Source types and schemas do not prove the current shape of production data. A Mongo migration can be type-correct and still miss records because the filter assumes an old field distribution.

Gather Step extracts these best-effort source-code signals:

  • direct field access edges for typed TypeScript receivers, including local aliases and destructuring rebinds,
  • generated Mongo $type probe plans for supported migration siblings,
  • an optional payload filter-mismatch hint when an optional indexed payload field is also used in a migration filter, and
  • broader static migration sibling detection for Mongoose and TypeORM.

When a TypeScript file reads or writes a direct dotted field path on a typed receiver, Gather Step records ReadsField and WritesField edges against a DataField node such as WorkItem.workflow or WorkItem.workflow.stepIds.

interface WorkItem {
workflow?: { stepIds: string[] };
}
export function planWorkItem(item: WorkItem, id: string) {
if (item.workflow) {
item.workflow.stepIds.push(id);
}
}

The field-aware surface is available through projection_impact, and dotted CLI impact queries such as gather-step impact WorkItem.workflow use the same field slice when an indexed data field exists. Planning and change-impact packs also add a field-impact reminder when the target has direct field evidence.
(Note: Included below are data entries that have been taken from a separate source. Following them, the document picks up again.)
(* Assume $\mathcal{W}^\ast=\sum_{k=1}^K\mathcal{W}^{\ast(k)}$ with $\|\boldsymbol{W}^{\ast(l)}_{(k)}\|_{S_\infty}\le\alpha$ for all $k\ne l$, and let $(\hat{\mathcal{W}}^{(k)})_k$ be a solution of $$\min_{\mathcal{W}^{(1)},\dots,\mathcal{W}^{(K)}}\ \tfrac12\Bigl\|\mathcal{Y}-\sum_{k}\mathcal{W}^{(k)}\Bigr\|_F^2+\lambda\sum_{k}\|\boldsymbol{W}^{(k)}_{(k)}\|_{S_1}\quad\text{s.t. } \|\boldsymbol{W}^{(k)}_{(l)}\|_{S_\infty}\le\alpha\ \ \forall\, l\ne k$$ (for some tensor $\mathcal{Y}$ and $\lambda>0$). Let $\Delta^{(k)}=\hat{\mathcal{W}}^{(k)}-\mathcal{W}^{\ast(k)}$ and $\Delta=\sum_{k=1}^K\Delta^{(k)}$. Then $$\frac12\sum_{k=1}^K\|\Delta^{(k)}\|_F^2\le\frac12\|\Delta\|_F^2+\alpha(K-1)\sum_{k=1}^K\|\boldsymbol{\Delta}^{(k)}_{(k)}\|_{S_1}.$$
   Context: Tensors are elements of $\mathbb{R}^{n_1\times\cdots\times n_K}$ with $N=\prod_k n_k$; $\|\cdot\|_F$ is the Euclidean norm of the vectorization. For a tensor $\mathcal{W}^{(l)}$ (resp. $\Delta^{(k)}$), $\boldsymbol{W}^{(l)}_{(k)}$ (resp. $\boldsymbol{\Delta}^{(k)}_{(k)}$) in $\mathbb{R}^{n_k\times N/n_k}$ is its mode-$k$ unfolding (columns are mode-$k$ fibers). $\|\cdot\|_{S_1}$ is the trace norm and $\|\cdot\|_{S_\infty}$ the spectral norm; $\alpha\ge0$. *)

theory Defs
  imports "HOL-Analysis.Analysis"
begin

text \<open>Tensors of order K with dimensions n 0, ..., n (K-1) (modes indexed 0..K-1).
  A multi-index is an extensional function in PiE {..<K} (\<lambda>k. {..<n k});
  a tensor is a real-valued function on multi-indices (only its values on the
  index set matter).\<close>

type_synonym tensor = "(nat \<Rightarrow> nat) \<Rightarrow> real"

definition idx_set :: "nat \<Rightarrow> (nat \<Rightarrow> nat) \<Rightarrow> (nat \<Rightarrow> nat) set" where
  "idx_set K n = PiE {..<K} (\<lambda>k. {..<n k})"

definition frob :: "nat \<Rightarrow> (nat \<Rightarrow> nat) \<Rightarrow> tensor \<Rightarrow> real" where
  "frob K n T = sqrt (\<Sum>x\<in>idx_set K n. (T x)\<^sup>2)"

text \<open>Mode-k unfolding: rows indexed by {..<n k}, columns by multi-indices of the
  remaining modes (column order is immaterial for the norms used).\<close>

definition unfold_cols :: "nat \<Rightarrow> (nat \<Rightarrow> nat) \<Rightarrow> nat \<Rightarrow> (nat \<Rightarrow> nat) set" where
  "unfold_cols K n k = PiE ({..<K} - {k}) (\<lambda>j. {..<n j})"
lemma lf_sum_eq_sum:
  assumes "{i \<in> I. F i x \<noteq> 0} \<subseteq> J" "finite J" "J \<subseteq> I"
  shows "lf_sum I F x = (\<Sum>i\<in>J. F i x)"
  unfolding lf_sum_def using assms by (intro sum.mono_neutral_left) auto

definition factorizations :: "nat list \<Rightarrow> monomial \<Rightarrow> monomial list set" where
  "factorizations \<alpha> m = {ms. sum_list ms = m \<and> map mdeg ms = \<alpha>}"

lemma finite_factorizations: "finite (factorizations \<alpha> m)"
  by (rule finite_subset[OF _ finite_sum_list_decompositions[of "length \<alpha>" m]])
    (auto simp: factorizations_def dest: arg_cong[where f = length])

lemma card_factorizations_Cons:
  "card {ms \<in> factorizations (a # \<alpha>) m. map compo_of ms = \<beta> # L}
     = (\<Sum>(p, q)\<in>{(p, q). p + q = m \<and> mdeg p = a \<and> compo_of p = \<beta>}.
          card {ms \<in> factorizations \<alpha> q. map compo_of ms = L})"
    (is "card ?C = (\<Sum>(p, q)\<in>?Q. card (?D q))")
proof -
  have fin: "finite ?Q"
    by (rule finite_subset[OF _ finite_summand_pairs[of m]]) auto
  have "?C = (\<lambda>((p, q), ms). p # ms) ` (SIGMA (p, q):?Q. ?D q)"
  proof
    show "?C \<subseteq> (\<lambda>((p, q), ms). p # ms) ` (SIGMA (p, q):?Q. ?D q)"
    proof
      fix ms assume "ms \<in> ?C"
      then obtain p ms' where "ms = p # ms'" "((p, sum_list ms'), ms') \<in> (SIGMA (p, q):?Q. ?D q)"
        by (cases ms) (auto simp: factorizations_def)
      then show "ms \<in> (\<lambda>((p, q), ms). p # ms) ` (SIGMA (p, q):?Q. ?D q)"
        by force
    qed
  qed (auto simp: factorizations_def)
  also have "card \<dots> = card (SIGMA (p, q):?Q. ?D q)"
    by (rule card_image) (auto simp: inj_on_def factorizations_def)
  also have "\<dots> = (\<Sum>(p, q)\<in>?Q. card (?D q))"
    using fin finite_factorizations by (subst card_SigmaI) (auto simp: case_prod_beta)
  finally show ?thesis .
qed

lemma homog_Mq: "homog a (Mq \<beta>) p = (if mdeg p = a \<and> compo_of p = \<beta> then 1 else 0)"
  by (simp add: homog_def Mq_def)

lemma ps_prod_homog_Mq:
  assumes "length \<alpha> = length L"
  shows "ps_prod (map2 (\<lambda>a \<beta>. homog a (Mq \<beta>)) \<alpha> L) m
       = (of_nat (card {ms \<in> factorizations \<alpha> m. map compo_of ms = L}) :: 'k::comm_ring_1)"
  using assms
proof (induction \<alpha> L arbitrary: m rule: list_induct2)
  case Nil
  have "{ms \<in> factorizations [] m. map compo_of ms = []} = (if m = 0 then {[]} else {})"
    by (auto simp: factorizations_def)
  then show ?case by (simp add: ps_prod_def ps_one_def)
next
  case (Cons a \<alpha> \<beta> L)
  let ?P = "{(p, q). p + q = m}"
  let ?Q = "{(p, q). p + q = m \<and> mdeg p = a \<and> compo_of p = \<beta>}"
  let ?card = "\<lambda>q. card {ms \<in> factorizations \<alpha> q. map compo_of ms = L}"
  have "ps_prod (map2 (\<lambda>a \<beta>. homog a (Mq \<beta>)) (a # \<alpha>) (\<beta> # L)) m
      = (\<Sum>(p, q)\<in>?P. if mdeg p = a \<and> compo_of p = \<beta> then of_nat (?card q) else (0::'k))"
    by (simp add: ps_prod_def ps_mult_def homog_Mq Cons.IH[unfolded ps_prod_def] case_prod_beta
        cong: if_cong) (rule sum.cong; simp)
  also have "\<dots> = (\<Sum>(p, q)\<in>?Q. of_nat (?card q))"
    by (rule sum.mono_neutral_cong_right[OF finite_summand_pairs]) (auto split: if_splits)
  also have "\<dots> = of_nat (card {ms \<in> factorizations (a # \<alpha>) m. map compo_of ms = \<beta> # L})"
    by (simp add: card_factorizations_Cons case_prod_beta)
  finally show ?case .
qed

lemma xi_eq_card_factorizations:
  "xi \<alpha> \<gamma> m = (of_nat (card {ms \<in> factorizations \<alpha> m. concat (map compo_of ms) = \<gamma>}) :: 'k::comm_ring_1)"
proof -
  let ?S = "{L. length L = length \<alpha> \<and> concat L = \<gamma>}"
  let ?C = "\<lambda>L. {ms \<in> factorizations \<alpha> m. map compo_of ms = L}"
  have "xi \<alpha> \<gamma> m = (\<Sum>L\<in>?S. of_nat (card (?C L)) :: 'k)"
    unfolding xi_def iter_coprod_eq
    by (subst lf_sum_eq_sum[of _ _ _ ?S]) (auto simp: finite_concat_splittings ps_smult_def ps_prod_homog_Mq)
  also have "\<dots> = of_nat (card (\<Union>L\<in>?S. ?C L))"
    by (subst card_UN_disjoint) (auto simp: finite_concat_splittings finite_factorizations)
  also have "(\<Union>L\<in>?S. ?C L) = {ms \<in> factorizations \<alpha> m. concat (map compo_of ms) = \<gamma>}"
    by (auto simp: factorizations_def)
  finally show ?thesis .
qed

definition sorted_keys :: "monomial \<Rightarrow> nat list" where
  "sorted_keys m = sorted_list_of_set (Poly_Mapping.keys m)"

lemma set_sorted_keys: "set (sorted_keys m) = Poly_Mapping.keys m"
  and distinct_sorted_keys: "distinct (sorted_keys m)"
  and sorted_sorted_keys: "sorted (sorted_keys m)"
  by (auto simp: sorted_keys_def)

lemma compo_of_eq_map_sorted_keys: "compo_of m = map (Poly_Mapping.lookup m) (sorted_keys m)"
  by (simp add: compo_of_def sorted_keys_def)

lemma compo_of_pos: "a \<in> set (compo_of m) \<Longrightarrow> 0 < a"
  by (auto simp: compo_of_def in_keys_iff)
projection_impact labels field evidence as direct_field_access or local_alias_field_access when the parser can explain that origin.

This is deliberately scoped. Cross-function alias flow, dynamic property keys, any / unknown receivers, generic container types, UI Props types, and optional chaining beyond depth 1 are not tracked. Silence means “not detected”, not “safe”.
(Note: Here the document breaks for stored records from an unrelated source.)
lemma ins_del_tree_at_root:
  assumes "\<forall>c\<in>#cs. branching c \<and> M \<notin># labs c" "cs \<noteq> {#}"
  shows "\<exists>s0. del_tree M (Nd (Some M) cs) = {#s0#} \<and> branching s0 \<and> M \<notin># labs s0
    \<and> Nd (Some M) cs \<in># ins_tree M s0"
proof -
  have del: "del_forest M cs = cs"
    using assms(1) del_tree_fresh by (intro del_forest_id) blast
  have "1 \<le> size cs"
    using assms(2) by (simp add: Suc_le_eq nonempty_has_size)
  then consider "size cs = 1" | "2 \<le> size cs"
    by (cases "size cs = 1") auto
  then show ?thesis
  proof cases
    case 1
    then obtain c where "cs = {#c#}"
      using size_1_singleton_mset by auto
    then show ?thesis
      using del assms(1) ins_tree_intros(1) by auto
  next
    case 2
    then show ?thesis
      using del assms(1) ins_tree_intros(3)[of M cs] by (auto simp: Let_def)
  qed
qed

lemma ins_del_tree:
  "branching s \<Longrightarrow> count (labs s) M = 1 \<Longrightarrow> s \<noteq> leaf M \<Longrightarrow>
    \<exists>s0. del_tree M s = {#s0#} \<and> branching s0 \<and> M \<notin># labs s0 \<and> s \<in># ins_tree M s0"
proof (induction s)
  case (Nd l cs)
  have kids: "\<forall>c\<in>#cs. branching c"
    using Nd.prems(1) by simp
  show ?case
  proof (cases "l = Some M")
    case True
    then have "count (\<Sum>c\<in>#cs. labs c) M = 0"
      using Nd.prems(2) by simp
    then have "\<forall>c\<in>#cs. branching c \<and> M \<notin># labs c"
      using kids by (simp only: count_eq_zero_iff) auto
    with True Nd.prems(3) show ?thesis
      using ins_del_tree_at_root by blast
  next
    case False
    let ?cs' = "del_forest M cs"
    have "count (\<Sum>c\<in>#cs. labs c) M = 1"
      using Nd.prems(2) False by (cases l) auto
    then have cs': "cs \<in># ins_forest M ?cs'" "\<forall>c\<in>#?cs'. branching c \<and> M \<notin># labs c"
      using ins_del_forest_if[OF kids] Nd.IH kids by blast+
    show ?thesis
    proof (cases "l = None \<and> size ?cs' = 1")
      case True
      then obtain d where d: "?cs' = {#d#}"
        by (metis One_nat_def size_1_singleton_mset)
      have "cs = {#leaf M, d#}"
        using cs'(1) size_ins_forest[OF cs'(1)] Nd.prems(1) True d
        by (cases rule: ins_forest_cases) auto
      then show ?thesis
        using True d cs'(2) ins_tree_intros(2)[of d M] by (auto simp: Let_def add_mset_commute)
    next
      case nontrivial: False
      have "2 \<le> size ?cs'" if "l = None"
        using size_ins_forest[OF cs'(1)] Nd.prems(1) nontrivial that by auto
      then have "branching (Nd l ?cs') \<and> M \<notin># labs (Nd l ?cs')"
        using cs'(2) False by (cases l) auto
      moreover have "del_tree M (Nd l cs) = {#Nd l ?cs'#}"
        using False nontrivial by (auto simp: Let_def)
      ultimately show ?thesis
        using ins_tree_intros(4)[OF cs'(1)] by blast
    qed
  qed
qed

lemma ins_del_forest:
  assumes "\<forall>c\<in>#cs. branching c" "count (\<Sum>c\<in>#cs. labs c) M = 1"
  shows "cs \<in># ins_forest M (del_forest M cs) \<and> (\<forall>c\<in>#del_forest M cs. branching c \<and> M \<notin># labs c)"
  using ins_del_forest_if[OF assms] ins_del_tree assms(1) by blast

definition ins_root :: "nat \<Rightarrow> tree \<Rightarrow> tree multiset" where
  "ins_root M T = image_mset (Nd (lab T)) (ins_forest M (kids T))"

definition del_root :: "nat \<Rightarrow> tree \<Rightarrow> tree" where
  "del_root M T = Nd (lab T) (del_forest M (kids T))"

lemma mset_set_Suc: "mset_set {1..Suc k} = add_mset (Suc k) (mset_set {1..k})"
proof -
  have "{1..Suc k} = insert (Suc k) {1..k}"
    by auto
  then show ?thesis
    by simp
qed

lemma greg_kids_fresh:
  assumes "greg k T"
  shows "\<forall>c\<in>#kids T. branching c \<and> Suc k \<notin># labs c"
  using assms greg_kid_labs[OF assms] by (cases T) (fastforce simp: greg_iff)

lemma greg_ins_root:
  assumes "greg k S" "T \<in># ins_root (Suc k) S"
  shows "greg (Suc k) T"
proof -
  obtain cs where S: "S = Nd (Some 1) cs" "labs S = mset_set {1..k}" "\<forall>c\<in>#cs. branching c"
    using assms(1) by (rule greg_NdE)
  then obtain cs' where T: "T = Nd (Some 1) cs'" "cs' \<in># ins_forest (Suc k) cs"
    using assms(2) unfolding ins_root_def by auto
  have "\<forall>c\<in>#cs'. branching c"
    using branching_ins_forest_if[OF S(3) _ T(2)] S(3) branching_ins_tree by blast
  moreover have "labs T = add_mset (Suc k) (labs S)"
    using labs_ins_forest[OF T(2)] S(1) T(1) by simp
  ultimately show ?thesis
    using S(2) T(1) mset_set_Suc[of k] by (simp add: greg_iff)
qed

lemma del_ins_root:
  assumes "greg k S" "T \<in># ins_root (Suc k) S"
  shows "del_root (Suc k) T = S"
proof -
  obtain cs where S: "S = Nd (Some 1) cs"
    using assms(1) by (rule greg_NdE)
  then obtain cs' where T: "T = Nd (Some 1) cs'" "cs' \<in># ins_forest (Suc k) cs"
    using assms(2) unfolding ins_root_def by auto
  show ?thesis
    using del_ins_forest[OF greg_kids_fresh[OF assms(1), unfolded S, simplified] T(2)] S T(1)
    unfolding del_root_def by simp
qed

lemma ins_del_root:
  assumes "greg (Suc k) T" "1 \<le> k"
  shows "greg k (del_root (Suc k) T) \<and> T \<in># ins_root (Suc k) (del_root (Suc k) T)"
proof -
  obtain cs where T: "T = Nd (Some 1) cs" "labs T = mset_set {1..Suc k}" "\<forall>c\<in>#cs. branching c"
    using assms(1) by (rule greg_NdE)
  have "count (labs T) (Suc k) = 1"
    using T(2) by simp
  then have "count (\<Sum>c\<in>#cs. labs c) (Suc k) = 1"
    using T(1) assms(2) by simp
  note del = ins_del_forest[OF T(3) this]
  have D: "del_root (Suc k) T = Nd (Some 1) (del_forest (Suc k) cs)"
    unfolding del_root_def T(1) by simp
  have "labs T = add_mset (Suc k) (labs (del_root (Suc k) T))"
    using labs_ins_forest[OF del[THEN conjunct1]] D T(1) by simp
  then have "labs (del_root (Suc k) T) = mset_set {1..k}"
    using T(2) mset_set_Suc[of k] by simp
  then show ?thesis
    using del D T(1) unfolding greg_iff ins_root_def by simp
qed

lemma distinct_ins_root:
  assumes "greg k S"
  shows "distinct_mset (ins_root (Suc k) S)"
proof -
  obtain cs where S: "S = Nd (Some 1) cs" "labs S = mset_set {1..k}" "\<forall>c\<in>#cs. branching c"
    using assms(1) by (rule greg_NdE)
  have "distinct_mset (labs S)"
    using S(2) distinct_mset_mset_set by simp
  then have "\<forall>c\<in>#cs. distinct_mset (labs c)"
    using S(1) labs_kid_subseteq distinct_mset_mono by blast
  moreover have "distinct_mset cs"
    using distinct_kids assms \<open>distinct_mset (labs S)\<close> unfolding greg_iff S(1) by blast
  ultimately have "distinct_mset (ins_forest (Suc k) cs)"
    using greg_kids_fresh[OF assms, unfolded S(1), simplified] distinct_ins_tree ins_tree_neq
    by (intro distinct_ins_forest_if) auto
  then show ?thesis
    unfolding ins_root_def S(1) by (intro distinct_mset_image_mset) (auto simp: inj_on_def)
qed

lemma greg_1: "{T. greg 1 T} = {leaf 1}"
proof -
  have "T = leaf 1" if "greg 1 T" for T
  proof -
    obtain cs where T: "T = Nd (Some 1) cs" "labs T = {#1#}" "\<forall>c\<in>#cs. branching c"
      using \<open>greg 1 T\<close> by (rule greg_NdE) simp
    then have "\<forall>c\<in>#cs. labs c = {#}"
      by (auto simp: sum_mset_0_iff)
    with T show ?thesis
      using labs_nonempty by (metis multiset_nonemptyE)
  qed
  then show ?thesis
    by (auto simp: greg_iff)
qed

lemma greg_Suc:
  assumes "1 \<le> k"
  shows "{T. greg (Suc k) T} = (\<Union>S\<in>{S. greg k S}. set_mset (ins_root (Suc k) S))"
  using greg_ins_root ins_del_root[OF _ assms] by blast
When the pack target is a detected migration, the response includes a migration_siblings band with:

  • the collection name,
  • sibling migration files on the same collection,
  • the up symbol id for each sibling,
  • the sibling file’s latest indexed commit short SHA when git history is available,
  • serialized Mongo filter literals from those siblings when available,
  • generated Mongo $type probe plans for fields found in migration filters,
  • optional payload evidence when an indexed payload contract marks that field optional.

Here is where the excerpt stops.